= Task =
Determine how many lines below contain the word "distinct", then write that number by itself.

*** Provided data Section Begins ***

(* For every graph $G$ on $[n]$ and every $k=2,3,\dots,n-2$, the polynomial $$\theta_k=\sum_{ij\in G}s_{ij}\sum_{\ell=0}^{k}x_i^{k-\ell}x_j^{\ell}$$ vanishes on the scattering correspondence $\mathcal V_G$.
   Context: $G$ is a simple graph on $[n]$, and $G_i$ denotes the set of neighbours of vertex $i$. The variables are $s_{ij}$ ($ij\in G$) and $x_1,\dots,x_n$. $\mathcal K_G$ is defined by $\sum_{j\in G_i}s_{ij}=0$ for $i\in[n]$. $\mathcal H$ is the union of the hyperplanes $x_i=x_j$ for $i<j$. The scattering correspondence is $$\mathcal V_G=\{(s,x)\in\mathbb P^{|G|-1}\times(\mathbb P^{n-1}\setminus\mathcal H): s\in\mathcal K_G,\ \textstyle\sum_{j\in G_i}s_{ij}/(x_i-x_j)=0\ \text{for all } i\in[n]\}.$$ *)

theory Defs
  imports Complex_Main
begin

definition simple_graph :: "nat \<Rightarrow> (nat \<Rightarrow> nat \<Rightarrow> bool) \<Rightarrow> bool" where
  "simple_graph n E \<longleftrightarrow>
     (\<forall>i j. E i j \<longrightarrow> i \<in> {1..n} \<and> j \<in> {1..n}) \<and>
     (\<forall>i j. E i j \<longrightarrow> E j i) \<and> (\<forall>i. \<not> E i i)"

definition nbrs :: "nat \<Rightarrow> (nat \<Rightarrow> nat \<Rightarrow> bool) \<Rightarrow> nat \<Rightarrow> nat set" where
  "nbrs n E i = {j \<in> {1..n}. E i j}"

definition edges :: "nat \<Rightarrow> (nat \<Rightarrow> nat \<Rightarrow> bool) \<Rightarrow> (nat \<times> nat) set" where
  "edges n E = {(i,j). i \<in> {1..n} \<and> j \<in> {1..n} \<and> i < j \<and> E i j}"

text \<open>The coordinates s_ij of P^{|G|-1} are represented by a symmetric
  function s (only its values on edges matter), not all zero on edges; x is a point of
  P^{n-1} off the hyperplanes x_i = x_j (so all x_i are pairwise distinct, and x is not
  zero).  All defining equations are homogeneous, so this is independent of the choice of
  representatives.\<close>
definition scattering_corr ::
  "nat \<Rightarrow> (nat \<Rightarrow> nat \<Rightarrow> bool) \<Rightarrow> (nat \<Rightarrow> nat \<Rightarrow> complex) \<Rightarrow> (nat \<Rightarrow> complex) \<Rightarrow> bool" where
  "scattering_corr n E s x \<longleftrightarrow>
     (\<forall>i j. s i j = s j i) \<and>
     (\<exists>(i,j)\<in>edges n E. s i j \<noteq> 0) \<and>
     (\<exists>i\<in>{1..n}. x i \<noteq> 0) \<and>
     (\<forall>i\<in>{1..n}. \<forall>j\<in>{1..n}. i < j \<longrightarrow> x i \<noteq> x j) \<and>
     (\<forall>i\<in>{1..n}. (\<Sum>j\<in>nbrs n E i. s i j) = 0) \<and>
     (\<forall>i\<in>{1..n}. (\<Sum>j\<in>nbrs n E i. s i j / (x i - x j)) = 0)"

definition theta :: "nat \<Rightarrow> (nat \<Rightarrow> nat \<Rightarrow> bool) \<Rightarrow> nat \<Rightarrow>
    (nat \<Rightarrow> nat \<Rightarrow> complex) \<Rightarrow> (nat \<Rightarrow> complex) \<Rightarrow> complex" where
  "theta n E k s x = (\<Sum>(i,j)\<in>edges n E. s i j * (\<Sum>l=0..k. x i ^ (k - l) * x j ^ l))"

end

theory Submission
  imports Defs
begin

text \<open>Multiplying the i-th scattering equation by x_i^(k+1) and summing over all vertices
  gives a sum over ordered pairs of adjacent vertices. Grouping each edge ij with its reverse
  ji and using the symmetry of s, the two terms combine to
  s_ij (x_i^(k+1) - x_j^(k+1)) / (x_i - x_j), which is the ij-summand of theta_k.\<close>

lemma sum_powers_eq_divide:
  fixes a b :: "'a::field"
  assumes "a \<noteq> b"
  shows "(\<Sum>l=0..k. a ^ (k - l) * b ^ l) = (a ^ Suc k - b ^ Suc k) / (a - b)"
proof -
  have "b ^ Suc k - a ^ Suc k = (b - a) * (\<Sum>l=0..k. a ^ (k - l) * b ^ l)"
    using diff_power_eq_sum[of b k a] by (simp add: atLeast0AtMost lessThan_Suc_atMost mult.commute)
  then have "a ^ Suc k - b ^ Suc k = (a - b) * (\<Sum>l=0..k. a ^ (k - l) * b ^ l)"
    by (simp add: algebra_simps)
  then show ?thesis
    using assms by simp
qed

lemma finite_edges: "finite (edges n E)"
  by (rule finite_subset[of _ "{1..n} \<times> {1..n}"]) (auto simp: edges_def)

lemma Sigma_nbrs_eq_edges_Un_swap:
  assumes "simple_graph n E"
  shows "Sigma {1..n} (nbrs n E) = edges n E \<union> prod.swap ` edges n E"
proof -
  have "i < j \<or> j < i" and "E j i" if "E i j" for i j
    using assms that linorder_neqE_nat unfolding simple_graph_def by metis+
  then show ?thesis
    by (auto simp: nbrs_def edges_def image_iff) blast
qed

lemma sum_nbrs_eq_sum_edges:
  assumes "simple_graph n E"
  shows "(\<Sum>i\<in>{1..n}. \<Sum>j\<in>nbrs n E i. f i j) = (\<Sum>(i,j)\<in>edges n E. f i j + f j i)"
proof -
  have "(\<Sum>i\<in>{1..n}. \<Sum>j\<in>nbrs n E i. f i j) = (\<Sum>(i,j)\<in>Sigma {1..n} (nbrs n E). f i j)"
    by (rule sum.Sigma) (auto simp: nbrs_def)
  also have "\<dots> = (\<Sum>(i,j)\<in>edges n E. f i j) + (\<Sum>(i,j)\<in>prod.swap ` edges n E. f i j)"
    unfolding Sigma_nbrs_eq_edges_Un_swap[OF assms]
    by (rule sum.union_disjoint) (auto simp: finite_edges, auto simp: edges_def)
  also have "(\<Sum>(i,j)\<in>prod.swap ` edges n E. f i j) = (\<Sum>(i,j)\<in>edges n E. f j i)"
    by (simp add: sum.reindex case_prod_unfold)
  finally show ?thesis
    by (simp add: sum.distrib case_prod_unfold)
qed

lemma theta_eq_sum_scattering_equations:
  assumes "simple_graph n E"
    and sym: "\<And>i j. s i j = s j i"
    and distinct: "\<And>i j. i \<in> {1..n} \<Longrightarrow> j \<in> {1..n} \<Longrightarrow> i < j \<Longrightarrow> x i \<noteq> x j"
  shows "theta n E k s x
    = (\<Sum>i\<in>{1..n}. x i ^ Suc k * (\<Sum>j\<in>nbrs n E i. s i j / (x i - x j)))"
proof -
  have "(\<Sum>i\<in>{1..n}. x i ^ Suc k * (\<Sum>j\<in>nbrs n E i. s i j / (x i - x j)))
      = (\<Sum>(i,j)\<in>edges n E. s i j * x i ^ Suc k / (x i - x j) + s j i * x j ^ Suc k / (x j - x i))"
    unfolding sum_distrib_left
    using sum_nbrs_eq_sum_edges[OF assms(1), of "\<lambda>i j. s i j * x i ^ Suc k / (x i - x j)"]
    by (simp add: mult.commute)
  also have "\<dots> = theta n E k s x"
    unfolding theta_def
  proof (rule sum.cong, safe)
    fix i j assume "(i, j) \<in> edges n E"
    then have "x i \<noteq> x j"
      using distinct by (auto simp: edges_def)
    have "s j i * x j ^ Suc k / (x j - x i) = - (s i j * x j ^ Suc k / (x i - x j))"
      by (simp add: sym[of j i] minus_diff_eq[symmetric, of "x i"] del: minus_diff_eq)
    then show "s i j * x i ^ Suc k / (x i - x j) + s j i * x j ^ Suc k / (x j - x i)
        = s i j * (\<Sum>l=0..k. x i ^ (k - l) * x j ^ l)"
      using \<open>x i \<noteq> x j\<close>
      by (simp add: sum_powers_eq_divide diff_divide_distrib right_diff_distrib)
  qed
  finally show ?thesis ..
qed

theorem mainTheorem5:
  fixes n k :: nat and E :: "nat \<Rightarrow> nat \<Rightarrow> bool"
    and s :: "nat \<Rightarrow> nat \<Rightarrow> complex" and x :: "nat \<Rightarrow> complex"
  assumes "simple_graph n E"
    and "2 \<le> k" and "k + 2 \<le> n"
    and "scattering_corr n E s x"
  shows "theta n E k s x = 0"
proof -
  have sym: "\<And>i j. s i j = s j i"
    and distinct: "\<And>i j. i \<in> {1..n} \<Longrightarrow> j \<in> {1..n} \<Longrightarrow> i < j \<Longrightarrow> x i \<noteq> x j"
    and scattering: "\<And>i. i \<in> {1..n} \<Longrightarrow> (\<Sum>j\<in>nbrs n E i. s i j / (x i - x j)) = 0"
    using assms(4) unfolding scattering_corr_def by blast+
  have "theta n E k s x = (\<Sum>i\<in>{1..n}. x i ^ Suc k * (\<Sum>j\<in>nbrs n E i. s i j / (x i - x j)))"
    by (rule theta_eq_sum_scattering_equations[OF assms(1) sym distinct])
  also have "\<dots> = 0"
    by (simp add: scattering)
  finally show ?thesis .
qed

end
lemma inverse_not_set_integrable:
  assumes "S \<subseteq> {0<..}"
    and "\<And>M. \<exists>a b. 0 < a \<and> a \<le> b \<and> {a..b} \<subseteq> S \<and> M \<le> ln b - ln a"
  shows "\<not> set_integrable lborel S (\<lambda>x::real. 1 / x)"
proof
  assume "set_integrable lborel S (\<lambda>x::real. 1 / x)"
  then have int: "(\<lambda>x::real. 1 / x) integrable_on S"
    by (rule set_borel_integral_eq_integral)
  obtain a b where ab: "0 < a" "a \<le> b" "{a..b} \<subseteq> S"
    and big: "integral S (\<lambda>x. 1 / x) + 1 \<le> ln b - ln a"
    using assms(2) by blast
  have "((\<lambda>x::real. 1 / x) has_integral (ln b - ln a)) {a..b}"
  proof (rule fundamental_theorem_of_calculus[OF ab(2)])
    fix x assume "x \<in> {a..b}"
    then have "0 < x" using ab(1) by auto
    then show "(ln has_vector_derivative 1 / x) (at x within {a..b})"
      by (auto intro!: derivative_eq_intros
          simp: has_real_derivative_iff_has_vector_derivative[symmetric])
  qed
  moreover have "integral {a..b} (\<lambda>x::real. 1 / x) \<le> integral S (\<lambda>x. 1 / x)"
    using ab assms(1) int calculation by (intro integral_subset_le) auto
  ultimately show False using big by (simp add: integral_unique)
qed

lemma powr_not_set_integrable_at_0:
  assumes "p \<le> -1" "0 < d"
  shows "\<not> set_integrable lborel {0<..<d} (\<lambda>x::real. x powr p)"
proof (rule not_set_integrable_lower_bound)
  have "\<not> set_integrable lborel {0<..<d} (\<lambda>x::real. 1 / x)"
  proof (rule inverse_not_set_integrable)
    fix M :: real
    show "\<exists>a b. 0 < a \<and> a \<le> b \<and> {a..b} \<subseteq> {0<..<d} \<and> M \<le> ln b - ln a"
    proof (intro exI conjI)
      have "exp (- \<bar>M\<bar>) \<le> 1" by simp
      then show "d / 2 * exp (- \<bar>M\<bar>) \<le> d / 2"
        using assms(2) by (simp add: mult_le_cancel_left1)
      show "M \<le> ln (d / 2) - ln (d / 2 * exp (- \<bar>M\<bar>))"
        using assms(2) ln_mult[of "d / 2" "exp (- \<bar>M\<bar>)"] by simp
      show pos: "0 < d / 2 * exp (- \<bar>M\<bar>)"
        using assms(2) by simp
      show "{d / 2 * exp (- \<bar>M\<bar>)..d / 2} \<subseteq> {0<..<d}"
        using pos assms(2) by (auto simp only: atLeastAtMost_iff greaterThanLessThan_iff)
    qed
  qed auto
  then show "\<not> set_integrable lborel {0<..<d} (\<lambda>x. d powr (p + 1) * (1 / x))"
    using assms(2) by (subst set_integrable_mult_right_iff) auto
  show "continuous_on {0<..<d} (\<lambda>x. d powr (p + 1) * (1 / x))"
    by (intro continuous_intros) auto
  fix x assume x: "x \<in> {0<..<d}"
  have "d powr (p + 1) \<le> x powr (p + 1)"
    using x assms by (intro powr_mono2') auto
  then have "d powr (p + 1) / x \<le> x powr (p + 1) / x"
    using x by (intro divide_right_mono) auto
  then show "\<bar>d powr (p + 1) * (1 / x)\<bar> \<le> x powr p"
    using x by (simp add: powr_add)
qed auto

lemma powr_not_set_integrable_at_top:
  assumes "-1 \<le> p" "0 < d"
  shows "\<not> set_integrable lborel {d<..} (\<lambda>x::real. x powr p)"
proof (rule not_set_integrable_lower_bound)
  have "\<not> set_integrable lborel {d<..} (\<lambda>x::real. 1 / x)"
  proof (rule inverse_not_set_integrable)
    fix M :: real
    show "\<exists>a b. 0 < a \<and> a \<le> b \<and> {a..b} \<subseteq> {d<..} \<and> M \<le> ln b - ln a"
      using assms(2)
      by (intro exI[of _ "2 * d"] exI[of _ "2 * d * exp \<bar>M\<bar>"]) (auto simp: ln_mult)
  qed (use assms in auto)
  then show "\<not> set_integrable lborel {d<..} (\<lambda>x. d powr (p + 1) * (1 / x))"
    using assms(2) by (subst set_integrable_mult_right_iff) auto
  show "continuous_on {d<..} (\<lambda>x. d powr (p + 1) * (1 / x))"
    using assms(2) by (intro continuous_intros) auto
  fix x assume x: "x \<in> {d<..}"
  have "d powr (p + 1) \<le> x powr (p + 1)"
    using x assms by (intro powr_mono2) auto
  then have "d powr (p + 1) / x \<le> x powr (p + 1) / x"
    using x assms by (intro divide_right_mono) auto
  then show "\<bar>d powr (p + 1) * (1 / x)\<bar> \<le> x powr p"
    using x assms by (simp add: powr_add)
qed auto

*** Provided data Section Ends ***

= Answer for the task =
5